Marienbad

Last Year at Marien­bad. Directed by Alain Resnais. 1961

Gothic, sur­re­al­ist, stately, slow .… haunt­ing and bee-​​zarrr, Last Year in Marien­bad is a clas­sic French film that will mys­tify and intrigue, or drive you right up a wall. And those walls are sumptuous.

The film is set per­haps in what was once called Czecho­slo­va­kia. We don’t really know, because we’re never really sure if we’re in the present, in the past, in an invented past or present. Resnais does give ver­bal, musi­cal and visual clues that shift the time, but as the film pro­gresses, we trust those clues less and less. Is it all in the mind of X, the nar­ra­tor? Is he actu­ally talk­ing to A, the woman he claims he met in the spa town Marien­bad last year? Does her lover or her hus­band or her Sven­gali, M, pull all the strings?

Three char­ac­ters, no names. X (Gior­gio Alber­tazzi), A (Del­phine Seyrig) and M (Sacha Pitoëff). A love tri­an­gle of sorts. A mys­te­ri­ous puz­zle that few, if any, view­ers will be able to deci­pher. The script, writ­ten by Alain Robbe-​​Grillet, one of the cre­ators of the Nou­veau Roman (New Novel), is pur­posely vague and open-​​ended, though slightly less so than the director’s final cut. He included a rape scene which Resnais refused to film. Robbe-Grillet’s script is per­haps heav­ier on dom­i­na­tion and aggres­sive per­sua­sion than Resnais’s end prod­uct. Iron­i­cally, there is a bat­tle of wills in the movie that seems to have occurred between writer and director.

The cam­era work is bril­liant. The film, shot in black and white, is mostly inside the mas­sive chateau. When it moves out­side to look at the per­fectly odd gar­den, the geo­met­ric shapes, the van­ish­ing point in the dis­tance, at night or dur­ing the day, time shifts. In the scene shown above, like some­thing out of Magritte, dis­lo­ca­tion and dream-​​logic take place. Look at the shadows!

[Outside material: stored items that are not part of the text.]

lemma has_vector_derivative_matrix_vector_mult:
  fixes U :: "real \<Rightarrow> complex^'n^'n"
  assumes "(U has_vector_derivative U') (at t)"
  shows "((\<lambda>s. U s *v v) has_vector_derivative (U' *v v)) (at t)"
proof -
  have "bounded_linear (\<lambda>A::complex^'n^'n. A *v v)"
    unfolding linear_conv_bounded_linear[symmetric]
    by (rule linearI) (simp_all add: matrix_vector_mult_def vec_eq_iff sum.distrib algebra_simps
        scaleR_complex sum_distrib_left)
  from bounded_linear.has_vector_derivative[OF this assms] show ?thesis .
qed

lemma has_vector_derivative_braket_matrix:
  fixes U :: "real \<Rightarrow> complex^'n^'n"
  assumes "(U has_vector_derivative U') (at t)"
  shows "((\<lambda>s. braket x (U s *v y)) has_vector_derivative braket x (U' *v y)) (at t)"
  using has_vector_derivative_braket[OF has_vector_derivative_const
      has_vector_derivative_matrix_vector_mult[OF assms]] by simp

lemma has_vector_derivative_locally_constant:
  assumes "(f has_vector_derivative f') (at t)" "open S" "t \<in> S" "\<And>s. s \<in> S \<Longrightarrow> f s = c"
  shows "f' = 0"
proof -
  have "(f has_vector_derivative 0) (at t)"
    by (rule has_vector_derivative_transform_within_open[OF _ assms(2,3)]) (simp_all add: assms(4))
  thus ?thesis using assms(1) vector_derivative_unique_at by blast
qed

lemma has_vector_derivative_locally_real:
  fixes f :: "real \<Rightarrow> complex"
  assumes "(f has_vector_derivative f') (at t)" "open S" "t \<in> S" "\<And>s. s \<in> S \<Longrightarrow> Im (f s) = 0"
  shows "Im f' = 0"
  using bounded_linear.has_vector_derivative[OF bounded_linear_Im assms(1)]
    has_vector_derivative_locally_constant assms(2-4) by blast
theorem proposition3p10:
  fixes k n z :: nat and lam :: "nat set"
  assumes "k \<ge> 4" and "n = 2 * k - 1"
    and "lam \<in> overline_U (T n)"
    and "enumerate (UNIV - lam) z = n - 2"
  shows "(\<Sum>i = 2..z. hook_length (KN (UNIV - lam)) i (z + 1)) = k"
proof -
  have n: "6 \<le> n" using assms(1,2) by simp
  note fin = unrefinable_setD(1,2)[OF overline_UD(1)[OF assms(3)]]
  define h where "h i = hook_length (KN (UNIV - lam)) i (z + 1)" for i
  have z: "z = gaps_below lam (n - 2)"
    using card_less_enumerate[of "UNIV - lam" z] fin(1) assms(4)
    by (simp add: gaps_below_def Diff_infinite_finite conj_commute)
  note above = overline_U_T_parts_above_middle[OF n assms(3), folded z]
  have "(\<Sum>i = 1..z. h i) = (\<Sum>p \<in> {p \<in> lam. n - 2 < p}. p - (n - 2))"
    using sum_hook_length_KN_column[OF fin(1) overline_U_T_middle(1)[OF n assms(3)]] above(1)
    by (simp only: h_def z)
  moreover have "h 1 = n - 2"
    using hook_length_KN_complement[OF fin(1) overline_U_T_middle(1)[OF n assms(3)] Max_in[OF fin]]
      part_row_Max[OF fin] Max_overline_U_T[OF n assms(3)] n by (simp add: h_def z)
  moreover have "1 \<le> z" using z overline_U_T_middle(3)[OF n assms(3)] by simp
  then have "(\<Sum>i = 1..z. h i) = h 1 + (\<Sum>i = 2..z. h i)"
    using sum.atLeast_Suc_atMost[of 1 z h] by (simp add: numeral_2_eq_2)
  ultimately show ?thesis using above(2) assms(1,2) by (simp add: h_def)
qed

end
(* Let $G$ be a simple loopless graph on $[L]$ and $p\ge1$. The map $\Phi_p:\Pi_{2p}(G)\to\mathcal{P}_{2p}(G)$ is injective.
   Context: $\mathcal{T}(G)=\langle v\in[L]: uv=vu \text{ for } (u,v)\in E(G)\rangle$ is the trace monoid of $G$, $e$ the empty word. Words are adjacent, $w_1\leftrightarrow w_2$, if $w_1=vw_2$ or $w_2=vw_1$ for a letter $v$. $\mathcal{P}_{2p}(G)=\{w\in\mathcal{T}(G)^{2p}: e\leftrightarrow w_1\leftrightarrow\cdots\leftrightarrow w_{2p}=e\}$. $P_2(2p)$ is the set of pair partitions of $[2p]$; blocks $\{u_1,v_1\},\{u_2,v_2\}$ cross if $u_1<u_2<v_1<v_2$; $F_\pi$ is the graph on the blocks of $\pi$ with edges between crossing blocks. $\Pi_{2p}(G)=\{(\pi,\phi):\pi\in P_2(2p),\ \phi\in\operatorname{Hom}(F_\pi,G)\}$. Definition of $\Phi_p$ (it takes values in $\mathcal{P}_{2p}(G)$): (1) For $p=1$, if $\phi$ assigns label $i$ to the block $\{1,2\}$, $\Phi_1(\pi,\phi)=(i,e)$. (2) Given $\Phi_p$ and $(\pi,\phi)\in\Pi_{2(p+1)}(G)$, let $r$ be the smallest index that is the larger element of its block, $U=\{s,r\}\in\pi$ with $s<r$, $i_s=\phi(U)$, $\sigma=\pi\setminus\{U\}$, $\psi=\phi|_\sigma$. Identify $P_2([2(p+1)]\setminus\{s,r\})$ with $P_2(2p)$ via the order-preserving bijection, write $u=\Phi_p(\sigma,\psi)=(u_k)_{k\in[2(p+1)]\setminus\{s,r\}}$, and let $u_{k^-}$ be $u_j$ for the largest $j<k$, $j\notin\{s,r\}$, or $e$ if none exists. Then $\Phi_{p+1}(\pi,\phi)_k=u_k$ for $k<s$; $i_su_{s^-}$ for $k=s$; $i_su_k$ for $s<k<r$; $u_{r^-}$ for $k=r$; $u_k$ for $k>r$. *)

theory Defs
  imports Main "HOL-Library.FuncSet" "HOL-Library.Disjoint_Sets"
begin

The film has hor­ror ele­ments mixed in. With sub­tlety. I thought of Poe con­stantly while watch­ing. A Poe trans­planted to Europe, thrown into the high­est soci­ety, sur­rounded by “old money”, lan­guid, vapid, haunted peo­ple, seem­ingly with­out pur­pose or goal, trapped in a lux­u­ri­ous hell on earth. The halls teem with peo­ple at times. They dis­ap­pear. Rarely are they ani­mated. Rarely do they smile or laugh. We hear a scream. Then silence. We often hear an organ in the back­ground, as if Bela Lugosi will appear at any moment.

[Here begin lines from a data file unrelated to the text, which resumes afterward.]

lemma mincut_intermediate_value:
  assumes "S \<subseteq> E" "min_cut X u \<le> r" "r \<le> min_cut (X \<union> S) u"
  shows "\<exists>Z. X \<subseteq> Z \<and> Z \<subseteq> X \<union> S \<and> min_cut Z u = r"
  using finite_subset[OF assms(1) finite_E] assms
proof (induction S rule: finite_induct)
  case (insert a S)
  show ?case
  proof (cases "r \<le> min_cut (X \<union> S) u")
    case True
    then show ?thesis using insert by blast
  next
    case False
    have "min_cut (X \<union> insert a S) u \<le> Suc (min_cut (X \<union> S) u)"
      using mincut_insert_le[of a "X \<union> S" u] insert.prems by simp
    then have "min_cut (X \<union> insert a S) u = r" using False insert.prems by linarith
    then show ?thesis by blast
  qed
qed auto

definition last_hits :: "'e set \<Rightarrow> 'v \<Rightarrow> 'e set" where
  "last_hits S u = {e \<in> S. \<exists>q. path (e # q) \<and> head (last (e # q)) = u \<and> set q \<inter> S = {}}"

definition first_hits :: "'e set \<Rightarrow> 'e set \<Rightarrow> 'e set" where
  "first_hits X S = {e \<in> S. \<exists>p. path (p @ [e]) \<and> hd (p @ [e]) \<in> X \<and> set p \<inter> S = {}}"

lemma last_hitsI:
  assumes "a \<in> S" "path (p @ a # q)" "head (last (a # q)) = u" "set q \<inter> S = {}"
  shows "a \<in> last_hits S u"
  using assms is_path_appendD2[OF assms(2)] unfolding last_hits_def by blast

lemma first_hitsI:
  assumes "a \<in> S" "path (p @ a # q)" "hd (p @ a # q) \<in> X" "set p \<inter> S = {}"
  shows "a \<in> first_hits X S"
proof -
  have "path (p @ [a])"
    using assms(2) is_path_appendD1[of "p @ [a]" q] by (cases "q = []") simp_all
  moreover have "hd (p @ [a]) \<in> X" using assms(3) by (cases p) simp_all
  ultimately show ?thesis using assms(1,4) unfolding first_hits_def by blast
qed

lemma edge_cut_last_hits:
  assumes "separates S u X"
  shows "separates (last_hits S u) u X"
  unfolding edge_cut_def
proof (intro conjI allI impI)
  show "last_hits S u \<subseteq> E" using assms unfolding last_hits_def edge_cut_def by blast
  fix p assume p: "path p \<and> hd p \<in> X \<and> head (last p) = u"
  then have "\<exists>x\<in>set p. x \<in> S" using assms unfolding edge_cut_def by blast
  then obtain p1 a p2 where p_eq: "p = p1 @ a # p2" and "a \<in> S" "\<forall>x\<in>set p2. x \<notin> S"
    using split_list_last_prop[of p "\<lambda>x. x \<in> S"] by blast
  then have "a \<in> last_hits S u"
    using p by (intro last_hitsI[of a S p1]) auto
  then show "set p \<inter> last_hits S u \<noteq> {}" using p_eq by auto
qed

lemma edge_cut_first_hits:
  assumes "separates S u X"
  shows "separates (first_hits X S) u X"
  unfolding edge_cut_def
proof (intro conjI allI impI)
  show "first_hits X S \<subseteq> E" using assms unfolding first_hits_def edge_cut_def by blast
  fix p assume p: "path p \<and> hd p \<in> X \<and> head (last p) = u"
  then have "\<exists>x\<in>set p. x \<in> S" using assms unfolding edge_cut_def by blast
  then obtain p1 a p2 where p_eq: "p = p1 @ a # p2" and "a \<in> S" "\<forall>x\<in>set p1. x \<notin> S"
    using split_list_first_prop[of p "\<lambda>x. x \<in> S"] by blast
  then have "a \<in> first_hits X S"
    using p by (intro first_hitsI[of a S p1 p2]) auto
  then show "set p \<inter> first_hits X S \<noteq> {}" using p_eq by auto
qed

lemma last_hits_Int_first_hits_subset:
  assumes "separates A u X" "A \<subseteq> S"
  shows "last_hits S u \<inter> first_hits X S \<subseteq> A"
proof
  fix a assume "a \<in> last_hits S u \<inter> first_hits X S"
  then obtain p q where q: "path (a # q)" "head (last (a # q)) = u" "set q \<inter> S = {}"
    and p: "path (p @ [a])" "hd (p @ [a]) \<in> X" "set p \<inter> S = {}"
    unfolding last_hits_def first_hits_def by blast
  have "path (p @ a # q)"
    using p(1) q(1) is_path_append[of p "[a]"] is_path_append[of p "a # q"] by (cases "p = []") auto
  moreover have "hd (p @ a # q) \<in> X" using p(2) by (cases p) auto
  moreover have "head (last (p @ a # q)) = u" using q(2) by simp
  ultimately have "set (p @ a # q) \<inter> A \<noteq> {}"
    using assms(1) unfolding edge_cut_def by blast
  then show "a \<in> A" using assms(2) p(3) q(3) by auto
qed

lemma reach_avoiding_last_hits: "reach_avoiding (last_hits S u) u = reach_avoiding S u"
proof
  show "reach_avoiding (last_hits S u) u \<subseteq> reach_avoiding S u"
  proof
    fix e assume "e \<in> reach_avoiding (last_hits S u) u"
    then obtain p where p: "path p" "hd p = e" "head (last p) = u" "set p \<inter> last_hits S u = {}"
      unfolding reach_avoiding_def by blast
    have "set p \<inter> S = {}"
    proof (rule ccontr)
      assume "set p \<inter> S \<noteq> {}"
      then obtain p1 a p2 where p_eq: "p = p1 @ a # p2" and "a \<in> S" "\<forall>x\<in>set p2. x \<notin> S"
        using split_list_last_prop[of p "\<lambda>x. x \<in> S"] by blast
      then have "a \<in> last_hits S u"
        using p by (intro last_hitsI[of a S p1]) auto
      then show False using p(4) p_eq by auto
    qed
    then show "e \<in> reach_avoiding S u" unfolding reach_avoiding_def using p by auto
  qed
  show "reach_avoiding S u \<subseteq> reach_avoiding (last_hits S u) u"
    by (rule reach_avoiding_antimono) (auto simp: last_hits_def)
qed

lemma is_min_cut_last_hits_Un:
  assumes Y: "is_min_cut E tail head Y u X" and B: "is_min_cut E tail head B u X"
  shows "is_min_cut E tail head (last_hits (Y \<union> B) u) u X"
proof -
  define S where "S = Y \<union> B"
  define C where "C = last_hits S u"
  define C' where "C' = first_hits X S"
  have Ycut: "separates Y u X" and Bcut: "separates B u X"
    using Y B unfolding is_min_cut_def by auto
  have SE: "S \<subseteq> E" using Ycut Bcut unfolding S_def edge_cut_def by blast
  then have Scut: "separates S u X" using edge_cut_mono[OF _ _ Ycut] unfolding S_def by blast
  have finS: "finite S" using finite_subset[OF SE finite_E] .
  have CS: "C \<subseteq> S" "C' \<subseteq> S" unfolding C_def C'_def last_hits_def first_hits_def by auto
  have finC: "finite C" "finite C'" using CS finS by (auto intro: finite_subset)
  have finYB: "finite Y" "finite B" using finS unfolding S_def by auto
  have "C \<inter> C' \<subseteq> Y \<inter> B"
    using last_hits_Int_first_hits_subset[OF Ycut] last_hits_Int_first_hits_subset[OF Bcut]
    unfolding C_def C'_def S_def by blast
  have "card C + card C' = card (C \<union> C') + card (C \<inter> C')"
    using card_Un_Int[OF finC] .
  also have "\<dots> \<le> card S + card (Y \<inter> B)"
    using CS \<open>C \<inter> C' \<subseteq> Y \<inter> B\<close> finS by (intro add_mono card_mono) (auto simp: S_def)
  also have "\<dots> = card Y + card B"
    using card_Un_Int[OF finYB] unfolding S_def by simp
  finally have "card C + card C' \<le> 2 * min_cut X u"
    using Y B unfolding is_min_cut_def by simp
  moreover have "min_cut X u \<le> card C" "min_cut X u \<le> card C'"
    using mincut_le edge_cut_last_hits[OF Scut] edge_cut_first_hits[OF Scut]
    unfolding C_def C'_def by auto
  ultimately have "card C = min_cut X u" by linarith
  then show ?thesis
    using edge_cut_last_hits[OF Scut] unfolding is_min_cut_def C_def S_def by simp
qed

lemma ex_primary_min_cut: "\<exists>Y. primary_min_cut E tail head Y u X"
proof -
  let ?M = "{A. is_min_cut E tail head A u X}"
  obtain Y where Y: "Y \<in> ?M"
    and Y_least: "\<And>A. A \<in> ?M \<Longrightarrow> card (reach_avoiding Y u) \<le> card (reach_avoiding A u)"
    using ex_has_least_nat[of "\<lambda>A. A \<in> ?M" _ "\<lambda>A. card (reach_avoiding A u)"] ex_min_cut
    by (metis mem_Collect_eq)
  have YE: "Y \<subseteq> E" using Y unfolding is_min_cut_def edge_cut_def by blast
  have "separates Y u B" if B: "is_min_cut E tail head B u X" for B
  proof (rule ccontr)
    assume "\<not> separates Y u B"
    then obtain e where e: "e \<in> B" "e \<in> reach_avoiding Y u"
      using YE by (auto simp: edge_cut_iff_reach_avoiding)
    define C where "C = last_hits (Y \<union> B) u"
    have "C \<in> ?M" using is_min_cut_last_hits_Un[OF _ B] Y unfolding C_def by blast
    have reach_C: "reach_avoiding C u = reach_avoiding (Y \<union> B) u"
      unfolding C_def by (rule reach_avoiding_last_hits)
    have "reach_avoiding C u \<subset> reach_avoiding Y u"
    proof
      show "reach_avoiding C u \<subseteq> reach_avoiding Y u"
        unfolding reach_C by (rule reach_avoiding_antimono) blast
      show "reach_avoiding C u \<noteq> reach_avoiding Y u"
        using e reach_avoiding_disjoint[of "Y \<union> B" u] unfolding reach_C by blast
    qed
    then have "card (reach_avoiding C u) < card (reach_avoiding Y u)"
      using finite_subset[OF reach_avoiding_subset finite_E] by (rule psubset_card_mono[rotated])
    then show False using Y_least[OF \<open>C \<in> ?M\<close>] by linarith
  qed
  then show ?thesis using Y unfolding primary_min_cut_def by blast
qed

lemma primary_for_if_primary_min_cut:
  assumes "primary_min_cut E tail head Y u X"
  shows "primary_for E tail head Y u"
proof -
  have Ycut: "separates Y u X" and Ycard: "card Y = min_cut X u"
    and Y_primary: "\<And>B. is_min_cut E tail head B u X \<Longrightarrow> separates Y u B"
    using assms unfolding primary_min_cut_def is_min_cut_def by auto
  have Yself: "separates Y u Y"
    using Ycut by (intro edge_cut_self) (simp add: edge_cut_def)
  have "min_cut X u \<le> min_cut Y u"
    using ex_min_cut[of u Y] edge_cut_trans[OF Ycut] mincut_le
    unfolding is_min_cut_def by metis
  then have Ymin: "min_cut Y u = card Y"
    using mincut_le[OF Yself] Ycard by linarith
  have "is_min_cut E tail head B u X" if "is_min_cut E tail head B u Y" for B
    using that edge_cut_trans[OF Ycut] Ymin Ycard unfolding is_min_cut_def by auto
  then show ?thesis
    using Yself Ymin Y_primary
    unfolding primary_for_def primary_min_cut_def is_min_cut_def by auto
qed

lemma ex_primary_cut_in_Acal:
  assumes "xi \<subseteq> E" "min_cut xi u \<le> r" "r \<le> maxflow E tail head s u"
  shows "\<exists>Y\<in>Acal E tail head u r. separates Y u xi"
proof -
  have "r \<le> min_cut (xi \<union> (E - xi)) u"
    using assms(1,3) maxflow_le_mincut_edges[of s u] by (simp add: Un_absorb1)
  then obtain X where X: "xi \<subseteq> X" "min_cut X u = r"
    using mincut_intermediate_value[of "E - xi" xi u r] assms(2) by blast
  obtain Y where Y: "primary_min_cut E tail head Y u X"
    using ex_primary_min_cut by blast
  then have "Y \<in> Acal E tail head u r"
    using primary_for_if_primary_min_cut[OF Y] X(2)
    unfolding Acal_def primary_min_cut_def is_min_cut_def edge_cut_def by auto
  moreover have "separates Y u xi"
    using Y X(1) edge_cut_antimono unfolding primary_min_cut_def is_min_cut_def by blast
  ultimately show ?thesis by blast
qed

end

lemma Acal_subset_Ecal: "Acal E tail head t r \<subseteq> Ecal E tail head t r"
  unfolding Acal_def Ecal_def primary_for_def primary_min_cut_def is_min_cut_def by auto

locale finite_dag = finite_digraph E tail head for E :: "'e set" and tail head :: "'e \<Rightarrow> 'v" +
  assumes no_cycle: "path p \<Longrightarrow> head (last p) \<noteq> tail (hd p)"
begin

definition edge_adj :: "('e \<times> 'e) set" where
  "edge_adj = {(d, e). d \<in> E \<and> e \<in> E \<and> head d = tail e}"

lemma trancl_edge_adj_imp_path:
  "(d, e) \<in> edge_adj\<^sup>+ \<Longrightarrow> \<exists>p. path (d # p) \<and> head (last (d # p)) = tail e"
proof (induction rule: trancl_induct)
  case (base e)
  then show ?case unfolding edge_adj_def by (intro exI[of _ "[]"]) auto
next
  case (step e f)
  then obtain p where p: "path (d # p)" "head (last (d # p)) = tail e" by blast
  have "path ((d # p) @ [e])" "head e = tail f"
    using step(2) p is_path_append[of "d # p" "[e]"] unfolding edge_adj_def by auto
  then show ?case by (intro exI[of _ "p @ [e]"]) simp
qed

(Resnais pays homage to films like Gilda, and French and Ger­man Silent Era movies at times, echo­ing their mood, even their clas­sic scenes. Seyrig vamps it up in her bed­room, dresses like Mar­lene Diet­rich. We see faces loom at us as if emot­ing with­out the ben­e­fit of sound. As if sound is some­thing to be invented later.)

The organ seems campy in the begin­ning. But it is sus­tained and mea­sured in such a way that it begins to fill those ele­gant, lush halls and push the mood almost in a nat­ural man­ner. Almost. Resnais keeps it going long enough to become a com­men­tary on itself and his movie. It loses its campy feel because it over­comes itself.

A strange game takes on sym­bolic form within the movie. Nim. Objects are placed on a table in rows. Two play­ers pick up the objects in turns, and the per­son left with an object on the table loses. Is this a metaphor for the bat­tle between X and M for the love of A? Or Resnais and Robbe-​​Grillet for con­trol of the film? Who knows … But it struck me as the per­fect game to insert in this movie. Decep­tively sim­ple, mys­te­ri­ous and frus­trat­ing. Its orgins obscure. As obscure as the char­ac­ters in the film and the mys­tery sur­round­ing them.